# What this task involves
Read the listing below and copy out each line where the word "assumes" occurs.

# Dataset extract
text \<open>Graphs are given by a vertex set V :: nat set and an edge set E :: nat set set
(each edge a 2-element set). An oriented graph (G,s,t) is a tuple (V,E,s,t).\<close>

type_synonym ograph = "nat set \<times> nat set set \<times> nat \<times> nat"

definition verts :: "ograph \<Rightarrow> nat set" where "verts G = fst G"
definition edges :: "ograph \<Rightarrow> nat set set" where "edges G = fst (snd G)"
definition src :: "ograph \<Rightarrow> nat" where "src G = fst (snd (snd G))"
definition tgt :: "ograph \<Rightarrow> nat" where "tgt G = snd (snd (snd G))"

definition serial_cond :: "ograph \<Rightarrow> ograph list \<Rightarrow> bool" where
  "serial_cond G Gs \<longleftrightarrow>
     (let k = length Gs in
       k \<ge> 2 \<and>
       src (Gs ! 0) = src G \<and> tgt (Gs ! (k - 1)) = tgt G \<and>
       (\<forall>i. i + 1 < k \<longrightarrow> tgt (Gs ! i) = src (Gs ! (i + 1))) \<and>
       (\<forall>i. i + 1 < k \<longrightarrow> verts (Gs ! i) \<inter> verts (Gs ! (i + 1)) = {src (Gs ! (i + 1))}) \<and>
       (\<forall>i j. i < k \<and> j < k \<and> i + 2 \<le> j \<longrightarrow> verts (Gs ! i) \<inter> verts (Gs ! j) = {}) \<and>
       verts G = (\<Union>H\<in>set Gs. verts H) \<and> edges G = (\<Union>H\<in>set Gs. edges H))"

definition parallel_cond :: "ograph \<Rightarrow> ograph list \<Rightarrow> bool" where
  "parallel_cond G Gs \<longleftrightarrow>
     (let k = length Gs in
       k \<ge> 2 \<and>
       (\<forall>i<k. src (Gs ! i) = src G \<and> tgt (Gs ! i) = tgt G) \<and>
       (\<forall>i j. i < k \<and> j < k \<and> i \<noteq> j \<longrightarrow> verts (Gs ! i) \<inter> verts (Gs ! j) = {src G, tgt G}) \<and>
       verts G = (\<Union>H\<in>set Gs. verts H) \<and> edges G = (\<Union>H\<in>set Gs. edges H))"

==

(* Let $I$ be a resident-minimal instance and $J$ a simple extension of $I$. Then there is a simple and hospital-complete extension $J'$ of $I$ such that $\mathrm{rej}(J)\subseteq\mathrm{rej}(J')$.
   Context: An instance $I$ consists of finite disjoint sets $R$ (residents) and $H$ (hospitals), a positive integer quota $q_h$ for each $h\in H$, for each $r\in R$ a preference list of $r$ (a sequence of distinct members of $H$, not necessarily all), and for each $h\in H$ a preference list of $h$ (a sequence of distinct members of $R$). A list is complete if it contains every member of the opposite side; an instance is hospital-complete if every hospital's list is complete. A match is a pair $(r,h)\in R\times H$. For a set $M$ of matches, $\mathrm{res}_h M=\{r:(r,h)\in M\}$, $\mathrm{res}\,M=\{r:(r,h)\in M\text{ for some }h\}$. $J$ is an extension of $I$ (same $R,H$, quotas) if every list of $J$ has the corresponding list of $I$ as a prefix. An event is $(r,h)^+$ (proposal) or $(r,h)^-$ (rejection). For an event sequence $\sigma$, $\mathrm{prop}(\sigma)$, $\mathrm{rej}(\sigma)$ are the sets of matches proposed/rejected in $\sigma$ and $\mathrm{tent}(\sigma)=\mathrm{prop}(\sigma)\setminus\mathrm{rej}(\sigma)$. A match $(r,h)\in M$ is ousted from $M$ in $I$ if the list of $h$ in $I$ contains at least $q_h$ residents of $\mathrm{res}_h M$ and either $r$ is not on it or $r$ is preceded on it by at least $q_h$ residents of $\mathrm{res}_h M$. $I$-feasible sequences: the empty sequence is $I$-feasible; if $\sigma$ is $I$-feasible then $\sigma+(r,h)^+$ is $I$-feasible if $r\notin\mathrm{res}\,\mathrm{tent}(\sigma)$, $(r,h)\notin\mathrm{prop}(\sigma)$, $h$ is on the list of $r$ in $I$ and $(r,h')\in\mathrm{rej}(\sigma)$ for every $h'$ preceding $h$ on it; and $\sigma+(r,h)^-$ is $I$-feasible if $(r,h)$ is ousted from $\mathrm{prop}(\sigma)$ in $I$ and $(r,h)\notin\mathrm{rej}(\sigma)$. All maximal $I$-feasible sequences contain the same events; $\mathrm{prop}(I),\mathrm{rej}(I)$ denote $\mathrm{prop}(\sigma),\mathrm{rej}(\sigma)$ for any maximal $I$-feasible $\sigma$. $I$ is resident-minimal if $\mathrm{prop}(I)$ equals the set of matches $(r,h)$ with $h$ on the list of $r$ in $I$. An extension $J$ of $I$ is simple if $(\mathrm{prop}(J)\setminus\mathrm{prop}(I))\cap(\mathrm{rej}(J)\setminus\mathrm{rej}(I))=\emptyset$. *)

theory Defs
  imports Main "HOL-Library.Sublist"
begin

==

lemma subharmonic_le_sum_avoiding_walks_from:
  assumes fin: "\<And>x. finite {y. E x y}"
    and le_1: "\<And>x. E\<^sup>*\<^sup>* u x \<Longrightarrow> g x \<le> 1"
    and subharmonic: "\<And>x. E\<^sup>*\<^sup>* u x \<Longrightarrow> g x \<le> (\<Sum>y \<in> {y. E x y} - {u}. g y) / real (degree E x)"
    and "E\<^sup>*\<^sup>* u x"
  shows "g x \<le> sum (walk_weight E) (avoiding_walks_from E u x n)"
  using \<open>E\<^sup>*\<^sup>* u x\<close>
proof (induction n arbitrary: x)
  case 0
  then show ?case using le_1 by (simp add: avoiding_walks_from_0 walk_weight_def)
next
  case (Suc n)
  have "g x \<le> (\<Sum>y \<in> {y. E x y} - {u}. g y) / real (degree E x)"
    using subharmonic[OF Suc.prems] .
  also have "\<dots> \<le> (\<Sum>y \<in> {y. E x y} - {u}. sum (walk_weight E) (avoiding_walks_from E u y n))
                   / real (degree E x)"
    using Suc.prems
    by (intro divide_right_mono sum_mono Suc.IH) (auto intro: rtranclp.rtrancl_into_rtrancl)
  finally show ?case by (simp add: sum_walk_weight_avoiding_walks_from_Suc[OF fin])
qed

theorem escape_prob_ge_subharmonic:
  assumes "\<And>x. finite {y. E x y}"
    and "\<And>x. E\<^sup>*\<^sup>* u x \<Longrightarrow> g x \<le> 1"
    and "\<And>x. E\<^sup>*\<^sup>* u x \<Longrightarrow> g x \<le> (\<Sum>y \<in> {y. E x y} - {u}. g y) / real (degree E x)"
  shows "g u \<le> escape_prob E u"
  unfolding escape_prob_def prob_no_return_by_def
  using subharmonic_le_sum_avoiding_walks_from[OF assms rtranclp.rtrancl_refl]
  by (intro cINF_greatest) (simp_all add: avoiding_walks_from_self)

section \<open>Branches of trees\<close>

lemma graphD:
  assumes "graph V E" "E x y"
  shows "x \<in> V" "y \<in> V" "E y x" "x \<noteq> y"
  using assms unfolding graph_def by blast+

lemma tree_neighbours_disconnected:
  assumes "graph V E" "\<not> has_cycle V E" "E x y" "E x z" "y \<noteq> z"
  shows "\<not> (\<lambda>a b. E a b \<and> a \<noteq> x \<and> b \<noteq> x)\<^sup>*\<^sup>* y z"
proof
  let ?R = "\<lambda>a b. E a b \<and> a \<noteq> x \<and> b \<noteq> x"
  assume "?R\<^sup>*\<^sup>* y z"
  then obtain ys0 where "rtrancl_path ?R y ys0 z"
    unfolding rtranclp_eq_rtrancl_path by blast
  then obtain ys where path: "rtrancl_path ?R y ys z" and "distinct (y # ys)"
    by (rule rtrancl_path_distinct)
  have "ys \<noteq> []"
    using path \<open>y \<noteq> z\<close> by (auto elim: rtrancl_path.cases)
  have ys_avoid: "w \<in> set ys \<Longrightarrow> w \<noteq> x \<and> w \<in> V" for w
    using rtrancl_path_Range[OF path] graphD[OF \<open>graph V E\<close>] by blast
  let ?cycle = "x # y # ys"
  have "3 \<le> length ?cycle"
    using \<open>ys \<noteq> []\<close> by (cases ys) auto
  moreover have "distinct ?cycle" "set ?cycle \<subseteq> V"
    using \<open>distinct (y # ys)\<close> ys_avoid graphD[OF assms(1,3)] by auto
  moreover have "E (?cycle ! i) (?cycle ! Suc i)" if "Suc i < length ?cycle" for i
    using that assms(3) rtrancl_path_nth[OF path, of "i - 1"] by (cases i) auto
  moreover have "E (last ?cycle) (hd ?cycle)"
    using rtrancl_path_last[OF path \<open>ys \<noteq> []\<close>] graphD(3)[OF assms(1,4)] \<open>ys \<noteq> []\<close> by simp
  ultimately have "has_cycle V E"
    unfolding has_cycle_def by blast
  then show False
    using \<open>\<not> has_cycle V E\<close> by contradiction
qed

# Solution to this task
  assumes fin: "\<And>x. finite {y. E x y}"
  assumes "\<And>x. finite {y. E x y}"
  assumes "graph V E" "E x y"
  assumes "graph V E" "\<not> has_cycle V E" "E x y" "E x z" "y \<noteq> z"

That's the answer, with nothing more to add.